Provided data:
(* Let $G=K_{r_1,\dots,r_k}$ with $|V(G)|$ odd and partition sets $X_1,\dots,X_k$, and let $H$ be a good bisection of $G$ with partition sets $V_1,V_2$ such that $|V_1|=|V_2|+1$. Let $\mathcal X_0'$ be the set of those $X_i$ that cross $H$, have $|X_i|$ even, and satisfy $\big||X_i\cap V_1|-|X_i\cap V_2|\big|=2$; let $\mathcal X_1$ be the set of those $X_i$ that cross $H$ and have $|X_i|$ odd. Let $W_1=\bigcup_{X_i\in\mathcal X_1}X_i$, $W_0=\bigcup_{X_i\in\mathcal X_0'}X_i$, $t=|\mathcal X_1|$, $t'=|\mathcal X_0'|$. Then (i) $|W_1\cap V_1|-|W_1\cap V_2|=t$; (ii) $|W_0\cap V_1|-|W_0\cap V_2|=2t'$; (iii) $|\overline{W_1\cup W_0}\cap V_1|-|\overline{W_1\cup W_0}\cap V_2|=-(t+2t'-1)$.
   Context: A bisection of a graph $G$ is a bipartite spanning subgraph $H$ of $G$ with partition sets $V_1,V_2$ (every edge of $H$ joins $V_1$ and $V_2$) with $||V_1|-|V_2||\le 1$. It is good if $2d_H(v)\ge d_G(v)-1$ for every $v\in V(G)$. For $W\subseteq V(G)$, $\overline{W}=V(G)\setminus W$. A partition set $X_i$ crosses $H$ if $X_i\cap V_1\neq\emptyset$ and $X_i\cap V_2\ne\emptyset$. *)

theory Defs
  imports Main
begin

definition simple_graph :: "'a set \<Rightarrow> ('a \<Rightarrow> 'a \<Rightarrow> bool) \<Rightarrow> bool" where
  "simple_graph V E \<longleftrightarrow> finite V \<and>
     (\<forall>u v. E u v \<longrightarrow> u \<in> V \<and> v \<in> V \<and> u \<noteq> v \<and> E v u)"

definition degree :: "'a set \<Rightarrow> ('a \<Rightarrow> 'a \<Rightarrow> bool) \<Rightarrow> 'a \<Rightarrow> nat" where
  "degree V E v = card {u \<in> V. E v u}"

definition complete_multipartite ::
  "'a set \<Rightarrow> ('a \<Rightarrow> 'a \<Rightarrow> bool) \<Rightarrow> nat \<Rightarrow> (nat \<Rightarrow> 'a set) \<Rightarrow> bool" where
  "complete_multipartite V E k X \<longleftrightarrow> finite V \<and>
     V = (\<Union>i<k. X i) \<and>
     (\<forall>i<k. X i \<noteq> {}) \<and>
     (\<forall>i<k. \<forall>j<k. i \<noteq> j \<longrightarrow> X i \<inter> X j = {}) \<and>
     (\<forall>u v. E u v \<longleftrightarrow> (\<exists>i<k. \<exists>j<k. i \<noteq> j \<and> u \<in> X i \<and> v \<in> X j))"

definition bisection ::
  "'a set \<Rightarrow> ('a \<Rightarrow> 'a \<Rightarrow> bool) \<Rightarrow> ('a \<Rightarrow> 'a \<Rightarrow> bool) \<Rightarrow> 'a set \<Rightarrow> 'a set \<Rightarrow> bool" where
  "bisection V E EH V1 V2 \<longleftrightarrow>
     simple_graph V EH \<and> (\<forall>u v. EH u v \<longrightarrow> E u v) \<and>
     V1 \<union> V2 = V \<and> V1 \<inter> V2 = {} \<and>
     (\<forall>u v. EH u v \<longrightarrow> (u \<in> V1 \<and> v \<in> V2) \<or> (u \<in> V2 \<and> v \<in> V1)) \<and>
     \<bar>int (card V1) - int (card V2)\<bar> \<le> 1"
(* Let $\phi$ be a $C^\infty$ homogeneous line bundle and $\mu\in M_\phi(\mathbb{R}^n,E)$. If $x\in\mathbb{R}^n$ and $\nu\in Tan^*(\mu,x)$, then $\nu\in\mathcal{S}'_\phi(\mathbb{R}^n)$, i.e. $\sum_{i=1}^m\langle\nu_i,\hat f_i\rangle=0$ for every $f=(f_1,\dots,f_m)\in\mathcal{S}_{\phi^\perp}(\mathbb{R}^n)$.
   Context: $E=\mathbb{C}^m$. A homogeneous line bundle is a continuous $\phi:\mathbb{R}^n\setminus\{0\}\to\mathbb{G}(1,E)$ with $\phi(a\xi)=\phi(\xi)$ for $a>0$; it is $C^\infty$ if locally $\phi(\xi)=\mathrm{span}\{e(\xi)\}$ with $e$ a $C^\infty$ unit vector field. $M_\phi(\mathbb{R}^n,E)$: finite $E$-valued Borel measures $\mu=(\mu_1,\dots,\mu_m)$ with $\hat\mu(\xi)\in\phi(\xi)$ for $\xi\neq0$, $\hat\mu_j(\xi)=\int e^{-2\pi i\langle\xi,x\rangle}d\mu_j$. $\mathcal{S}_{\phi^\perp}(\mathbb{R}^n)$ is the set of Schwartz functions $f=(f_1,\dots,f_m):\mathbb{R}^n\to E$ such that $\sum_i f_i(\xi)w_i=0$ for every $w\in\phi(\xi)$ and every $\xi\ne0$. $\mathcal{S}'_\phi(\mathbb{R}^n)$ is the set of $m$-tuples of tempered distributions $(\Lambda_1,\dots,\Lambda_m)$ with $\sum_i\langle\Lambda_i,\hat f_i\rangle=0$ for all $f\in\mathcal{S}_{\phi^\perp}(\mathbb{R}^n)$. Blow-up: $\mu_{x,r}(A)=\mu(x+rA)$. $Tan^*(\mu,x)$ is the set of ($E$-valued) tempered Radon measures $\nu$ for which there exist $r_j\downarrow0$ and $c_j>0$ with $c_j\mu_{x,r_j}\to\nu$ coordinatewise in $\mathcal{S}'(\mathbb{R}^n)$ (and weak-$*$ as Radon measures). *)

theory Defs
  imports "HOL-Analysis.Analysis"
begin

definition pderiv_dir :: "'n::finite \<Rightarrow> (real^'n \<Rightarrow> 'b::real_normed_vector) \<Rightarrow> real^'n \<Rightarrow> 'b" where
  "pderiv_dir i f x = vector_derivative (\<lambda>t. f (x + t *\<^sub>R axis i 1)) (at 0)"

definition iter_pderiv :: "'n::finite list \<Rightarrow> (real^'n \<Rightarrow> 'b::real_normed_vector) \<Rightarrow> real^'n \<Rightarrow> 'b" where
  "iter_pderiv ds f = fold pderiv_dir ds f"

definition smooth_on :: "(real^'n::finite) set \<Rightarrow> (real^'n \<Rightarrow> 'b::real_normed_vector) \<Rightarrow> bool" where
  "smooth_on U f \<longleftrightarrow>
     (\<forall>ds. continuous_on U (iter_pderiv ds f) \<and>
       (\<forall>x\<in>U. \<forall>i. (\<lambda>t::real. iter_pderiv ds f (x + t *\<^sub>R axis i 1)) differentiable (at 0)))"

definition cline :: "complex^'m::finite \<Rightarrow> (complex^'m) set" where
  "cline e = {c *s e | c. True}"

text \<open>A C-infinity homogeneous line bundle phi : R^n minus 0 to G(1,E). Continuity is implied
  by the local smooth unit frame.\<close>
definition smooth_hom_line_bundle :: "(real^'n::finite \<Rightarrow> (complex^'m::finite) set) \<Rightarrow> bool" where
  "smooth_hom_line_bundle \<phi> \<longleftrightarrow>
     (\<forall>\<xi>. \<xi> \<noteq> 0 \<longrightarrow> (\<exists>e. e \<noteq> 0 \<and> \<phi> \<xi> = cline e)) \<and>
     (\<forall>\<xi> a. \<xi> \<noteq> 0 \<longrightarrow> a > 0 \<longrightarrow> \<phi> (a *\<^sub>R \<xi>) = \<phi> \<xi>) \<and>
     (\<forall>\<xi>. \<xi> \<noteq> 0 \<longrightarrow> (\<exists>U e. open U \<and> \<xi> \<in> U \<and> 0 \<notin> U \<and> smooth_on U e \<and>
         (\<forall>\<zeta>\<in>U. norm (e \<zeta>) = 1 \<and> \<phi> \<zeta> = cline (e \<zeta>))))"

definition fourier_fun :: "(real^'n::finite \<Rightarrow> complex) \<Rightarrow> real^'n \<Rightarrow> complex" where
  "fourier_fun f x = (\<integral>\<xi>. exp (- (2 * pi * \<i>) * complex_of_real (x \<bullet> \<xi>)) * f \<xi> \<partial>lborel)"

text \<open>A finite E-valued Borel measure is represented by a finite positive Borel measure M and
  an M-integrable density h with values in E: mu_j(A) = integral over A of h_j dM.\<close>
definition finite_vec_measure :: "(real^'n::finite) measure \<Rightarrow> (real^'n \<Rightarrow> complex^'m::finite) \<Rightarrow> bool" where
  "finite_vec_measure M h \<longleftrightarrow> sets M = sets borel \<and> finite_measure M \<and> integrable M h"

definition fourier_meas :: "(real^'n::finite) measure \<Rightarrow> (real^'n \<Rightarrow> complex^'m::finite) \<Rightarrow> real^'n \<Rightarrow> complex^'m" where
  "fourier_meas M h \<xi> = (\<chi> j. \<integral>x. exp (- (2 * pi * \<i>) * complex_of_real (\<xi> \<bullet> x)) * (h x $ j) \<partial>M)"

definition M_phi :: "(real^'n::finite \<Rightarrow> (complex^'m::finite) set) \<Rightarrow> (real^'n) measure \<Rightarrow> (real^'n \<Rightarrow> complex^'m) \<Rightarrow> bool" where
  "M_phi \<phi> M h \<longleftrightarrow> finite_vec_measure M h \<and> (\<forall>\<xi>. \<xi> \<noteq> 0 \<longrightarrow> fourier_meas M h \<xi> \<in> \<phi> \<xi>)"

definition schwartz :: "(real^'n::finite \<Rightarrow> complex) \<Rightarrow> bool" where
  "schwartz f \<longleftrightarrow> smooth_on UNIV f \<and>
     (\<forall>(\<alpha>::'n \<Rightarrow> nat) ds. bounded (range (\<lambda>x. (\<Prod>i\<in>UNIV. (x $ i) ^ (\<alpha> i)) *\<^sub>R iter_pderiv ds f x)))"

definition S_phi_perp :: "(real^'n::finite \<Rightarrow> (complex^'m::finite) set) \<Rightarrow> ('m \<Rightarrow> real^'n \<Rightarrow> complex) \<Rightarrow> bool" where
  "S_phi_perp \<phi> f \<longleftrightarrow> (\<forall>i. schwartz (f i)) \<and>
     (\<forall>\<xi> w. \<xi> \<noteq> 0 \<longrightarrow> w \<in> \<phi> \<xi> \<longrightarrow> (\<Sum>i\<in>UNIV. f i \<xi> * w $ i) = 0)"

text \<open>An E-valued Radon measure: a locally finite positive Borel measure N with a locally
  N-integrable E-valued density g.\<close>
definition vec_radon :: "(real^'n::finite) measure \<Rightarrow> (real^'n \<Rightarrow> complex^'m::finite) \<Rightarrow> bool" where
  "vec_radon N g \<longleftrightarrow> sets N = sets borel \<and> (\<forall>K. compact K \<longrightarrow> emeasure N K < \<infinity>) \<and>
     g \<in> borel_measurable N \<and> (\<forall>K. compact K \<longrightarrow> set_integrable N K g)"

definition compactly_supported_cont :: "(real^'n::finite \<Rightarrow> complex) \<Rightarrow> bool" where
  "compactly_supported_cont \<psi> \<longleftrightarrow> continuous_on UNIV \<psi> \<and> compact (closure {x. \<psi> x \<noteq> 0})"

text \<open>Integral of psi against the blow-up mu_{x,r} (mu_{x,r}(A) = mu(x + rA)), j-th coordinate.\<close>
definition blowup_int :: "(real^'n::finite) measure \<Rightarrow> (real^'n \<Rightarrow> complex^'m::finite) \<Rightarrow> real^'n \<Rightarrow> real \<Rightarrow> 'm \<Rightarrow> (real^'n \<Rightarrow> complex) \<Rightarrow> complex" where
  "blowup_int M h x r j \<psi> = (\<integral>y. \<psi> ((1 / r) *\<^sub>R (y - x)) * (h y $ j) \<partial>M)"

text \<open>(N, g, Lam) in Tan_star M h x: the Radon measure nu = g N arises as the limit of
  c_k mu_{x,r_k} weak-* as Radon measures, and Lam is the tempered distribution (coordinatewise)
  that is the limit in S' of c_k mu_{x,r_k}, i.e. Lam j psi = <nu_j, psi> for Schwartz psi.\<close>
definition Tan_star :: "(real^'n::finite) measure \<Rightarrow> (real^'n \<Rightarrow> complex^'m::finite) \<Rightarrow> real^'n
     \<Rightarrow> ((real^'n) measure \<times> (real^'n \<Rightarrow> complex^'m) \<times> ('m \<Rightarrow> (real^'n \<Rightarrow> complex) \<Rightarrow> complex)) set" where
  "Tan_star M h x = {(N, g, Lam). vec_radon N g \<and>
     (\<exists>r c :: nat \<Rightarrow> real. (\<forall>k. r k > 0) \<and> decseq r \<and> r \<longlonglongrightarrow> 0 \<and> (\<forall>k. c k > 0) \<and>
        (\<forall>j \<psi>. schwartz \<psi> \<longrightarrow>
            (\<lambda>k. complex_of_real (c k) * blowup_int M h x (r k) j \<psi>) \<longlonglongrightarrow> Lam j \<psi>) \<and>
        (\<forall>j \<psi>. compactly_supported_cont \<psi> \<longrightarrow>
            (\<lambda>k. complex_of_real (c k) * blowup_int M h x (r k) j \<psi>) \<longlonglongrightarrow> (\<integral>y. \<psi> y * (g y $ j) \<partial>N)))}"

end

theory Submission
  imports Defs "HOL-Probability.Characteristic_Functions"
begin
lemma refcoord_has_integral:
  assumes "l < r" and "(F has_integral I) {-1..1}"
  shows "((\<lambda>z. F (refcoord l r z)) has_integral (r - l) / 2 * I) {l..r}"
proof -
  define m where "m = 2 / (r - l)"
  define c where "c = - (l + r) / (r - l)"
  have "m \<noteq> 0" and "0 \<le> 1 / m"
    using assms(1) by (auto simp: m_def)
  have image: "(\<lambda>z. (1 / m) *\<^sub>R z + - ((1 / m) *\<^sub>R c)) ` {-1..1} = {l..r}"
    using assms(1) \<open>0 \<le> 1 / m\<close> unfolding cbox_interval[symmetric] image_affinity_cbox
    by (simp add: m_def c_def field_simps)
  have scale: "(1 / \<bar>m\<bar> ^ DIM(real)) *\<^sub>R I = (r - l) / 2 * I"
    using assms(1) by (simp add: m_def)
  have "((\<lambda>z. F (m *\<^sub>R z + c)) has_integral (r - l) / 2 * I) {l..r}"
    using has_integral_affinity[OF assms(2)[folded cbox_interval] \<open>m \<noteq> 0\<close>, of c]
    unfolding cbox_interval image scale .
  moreover have "refcoord l r z = m *\<^sub>R z + c" for z
    by (simp add: refcoord_def m_def c_def diff_divide_distrib add_divide_distrib)
  ultimately show ?thesis
    by simp
qed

Instructions to follow:
Gather up, from the records above, each line where the word "card" appears.

Written solution:
  "degree V E v = card {u \<in> V. E v u}"
     \<bar>int (card V1) - int (card V2)\<bar> \<le> 1"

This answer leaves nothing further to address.